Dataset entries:
text \<open>For an eigenvector \<open>v\<close>, the real Hermitian form \<open>v\<^sup>* M v\<close> equals \<open>\<kappa> \<parallel>v\<parallel>\<^sup>2\<close>.\<close>
lemma real_symmetric_eigenvalue_real:
  fixes M :: "real mat"
  assumes M: "M \<in> carrier_mat m m"
    and sym: "\<And>a b. a < m \<Longrightarrow> b < m \<Longrightarrow> M $$ (a, b) = M $$ (b, a)"
    and "eigenvalue (map_mat complex_of_real M) \<kappa>"
  shows "Im \<kappa> = 0"
proof -
  obtain v where v: "v \<in> carrier_vec m" "v \<noteq> 0\<^sub>v m" "map_mat complex_of_real M *\<^sub>v v = \<kappa> \<cdot>\<^sub>v v"
    using assms(3) M unfolding eigenvalue_def eigenvector_def by auto
  have row: "(\<Sum>b\<in>{0..<m}. complex_of_real (M $$ (a, b)) * v $ b) = \<kappa> * v $ a" if "a < m" for a
    using arg_cong[OF v(3), of "\<lambda>w. w $ a"] that M v(1) by (simp add: scalar_prod_def)
  define P where "P = (\<Sum>a\<in>{0..<m}. (cmod (v $ a))\<^sup>2)"
  have "(\<Sum>a\<in>{0..<m}. cnj (v $ a) * (\<Sum>b\<in>{0..<m}. complex_of_real (M $$ (a, b)) * v $ b))
      = (\<Sum>a\<in>{0..<m}. \<kappa> * (cnj (v $ a) * v $ a))"
    by (intro sum.cong) (auto simp: row)
  also have "\<dots> = \<kappa> * complex_of_real P"
    unfolding P_def
    by (simp add: sum_distrib_left complex_mult_cnj cmod_power2 mult.commute sum.distrib distrib_left)
  finally have "Im \<kappa> * P = 0"
    using real_symmetric_hermitian_form_real[where M = M and m = m and v = v] sym by simp
  moreover have "P > 0"
  proof -
    obtain a where "a < m" "v $ a \<noteq> 0"
      using v(1,2) by (metis carrier_vecD eq_vecI index_zero_vec)
    then have "0 < (cmod (v $ a))\<^sup>2" "(cmod (v $ a))\<^sup>2 \<le> P"
      unfolding P_def by (auto intro: member_le_sum)
    then show ?thesis
      by linarith
  qed
  ultimately show ?thesis
    by simp
qed

lemma real_symmetric_has_eigenvalue:
  fixes M :: "real mat"
  assumes M: "M \<in> carrier_mat m m" and "0 < m"
    and sym: "\<And>a b. a < m \<Longrightarrow> b < m \<Longrightarrow> M $$ (a, b) = M $$ (b, a)"
  shows "\<exists>\<mu>. eigenvalue M \<mu>"
proof -
  have Mc: "map_mat complex_of_real M \<in> carrier_mat m m"
    using M by simp
  obtain \<kappa> where \<kappa>: "eigenvalue (map_mat complex_of_real M) \<kappa>"
    using spectrum_non_empty[OF Mc \<open>0 < m\<close>] unfolding spectrum_def by auto
  then have "\<kappa> = complex_of_real (Re \<kappa>)"
    using real_symmetric_eigenvalue_real[OF M sym] by (simp add: complex_eq_iff)
  then have "poly (map_poly complex_of_real (char_poly M)) (complex_of_real (Re \<kappa>)) = 0"
    using \<kappa> eigenvalue_root_char_poly[OF Mc] of_real_hom.char_poly_hom[OF M] by metis
  then have "poly (char_poly M) (Re \<kappa>) = 0"
    by (simp add: of_real_hom.poly_map_poly)
  then show ?thesis
    using eigenvalue_root_char_poly[OF M] by blast
qed

section \<open>The matrix of the signless up Laplacian\<close>

context
  fixes K :: "'a set set" and i :: nat and L :: "'a set list"
  assumes distinct_L: "distinct L" and set_L: "set L = faces K i"
begin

__WORK TO COMPLETE__:
An exact copy of every entry is what's needed, so retype them all.

__ANSWER TO THIS PROBLEM__:
text \<open>For an eigenvector \<open>v\<close>, the real Hermitian form \<open>v\<^sup>* M v\<close> equals \<open>\<kappa> \<parallel>v\<parallel>\<^sup>2\<close>.\<close>
lemma real_symmetric_eigenvalue_real:
  fixes M :: "real mat"
  assumes M: "M \<in> carrier_mat m m"
    and sym: "\<And>a b. a < m \<Longrightarrow> b < m \<Longrightarrow> M $$ (a, b) = M $$ (b, a)"
    and "eigenvalue (map_mat complex_of_real M) \<kappa>"
  shows "Im \<kappa> = 0"
proof -
  obtain v where v: "v \<in> carrier_vec m" "v \<noteq> 0\<^sub>v m" "map_mat complex_of_real M *\<^sub>v v = \<kappa> \<cdot>\<^sub>v v"
    using assms(3) M unfolding eigenvalue_def eigenvector_def by auto
  have row: "(\<Sum>b\<in>{0..<m}. complex_of_real (M $$ (a, b)) * v $ b) = \<kappa> * v $ a" if "a < m" for a
    using arg_cong[OF v(3), of "\<lambda>w. w $ a"] that M v(1) by (simp add: scalar_prod_def)
  define P where "P = (\<Sum>a\<in>{0..<m}. (cmod (v $ a))\<^sup>2)"
  have "(\<Sum>a\<in>{0..<m}. cnj (v $ a) * (\<Sum>b\<in>{0..<m}. complex_of_real (M $$ (a, b)) * v $ b))
      = (\<Sum>a\<in>{0..<m}. \<kappa> * (cnj (v $ a) * v $ a))"
    by (intro sum.cong) (auto simp: row)
  also have "\<dots> = \<kappa> * complex_of_real P"
    unfolding P_def
    by (simp add: sum_distrib_left complex_mult_cnj cmod_power2 mult.commute sum.distrib distrib_left)
  finally have "Im \<kappa> * P = 0"
    using real_symmetric_hermitian_form_real[where M = M and m = m and v = v] sym by simp
  moreover have "P > 0"
  proof -
    obtain a where "a < m" "v $ a \<noteq> 0"
      using v(1,2) by (metis carrier_vecD eq_vecI index_zero_vec)
    then have "0 < (cmod (v $ a))\<^sup>2" "(cmod (v $ a))\<^sup>2 \<le> P"
      unfolding P_def by (auto intro: member_le_sum)
    then show ?thesis
      by linarith
  qed
  ultimately show ?thesis
    by simp
qed

lemma real_symmetric_has_eigenvalue:
  fixes M :: "real mat"
  assumes M: "M \<in> carrier_mat m m" and "0 < m"
    and sym: "\<And>a b. a < m \<Longrightarrow> b < m \<Longrightarrow> M $$ (a, b) = M $$ (b, a)"
  shows "\<exists>\<mu>. eigenvalue M \<mu>"
proof -
  have Mc: "map_mat complex_of_real M \<in> carrier_mat m m"
    using M by simp
  obtain \<kappa> where \<kappa>: "eigenvalue (map_mat complex_of_real M) \<kappa>"
    using spectrum_non_empty[OF Mc \<open>0 < m\<close>] unfolding spectrum_def by auto
  then have "\<kappa> = complex_of_real (Re \<kappa>)"
    using real_symmetric_eigenvalue_real[OF M sym] by (simp add: complex_eq_iff)
  then have "poly (map_poly complex_of_real (char_poly M)) (complex_of_real (Re \<kappa>)) = 0"
    using \<kappa> eigenvalue_root_char_poly[OF Mc] of_real_hom.char_poly_hom[OF M] by metis
  then have "poly (char_poly M) (Re \<kappa>) = 0"
    by (simp add: of_real_hom.poly_map_poly)
  then show ?thesis
    using eigenvalue_root_char_poly[OF M] by blast
qed

section \<open>The matrix of the signless up Laplacian\<close>

context
  fixes K :: "'a set set" and i :: nat and L :: "'a set list"
  assumes distinct_L: "distinct L" and set_L: "set L = faces K i"
begin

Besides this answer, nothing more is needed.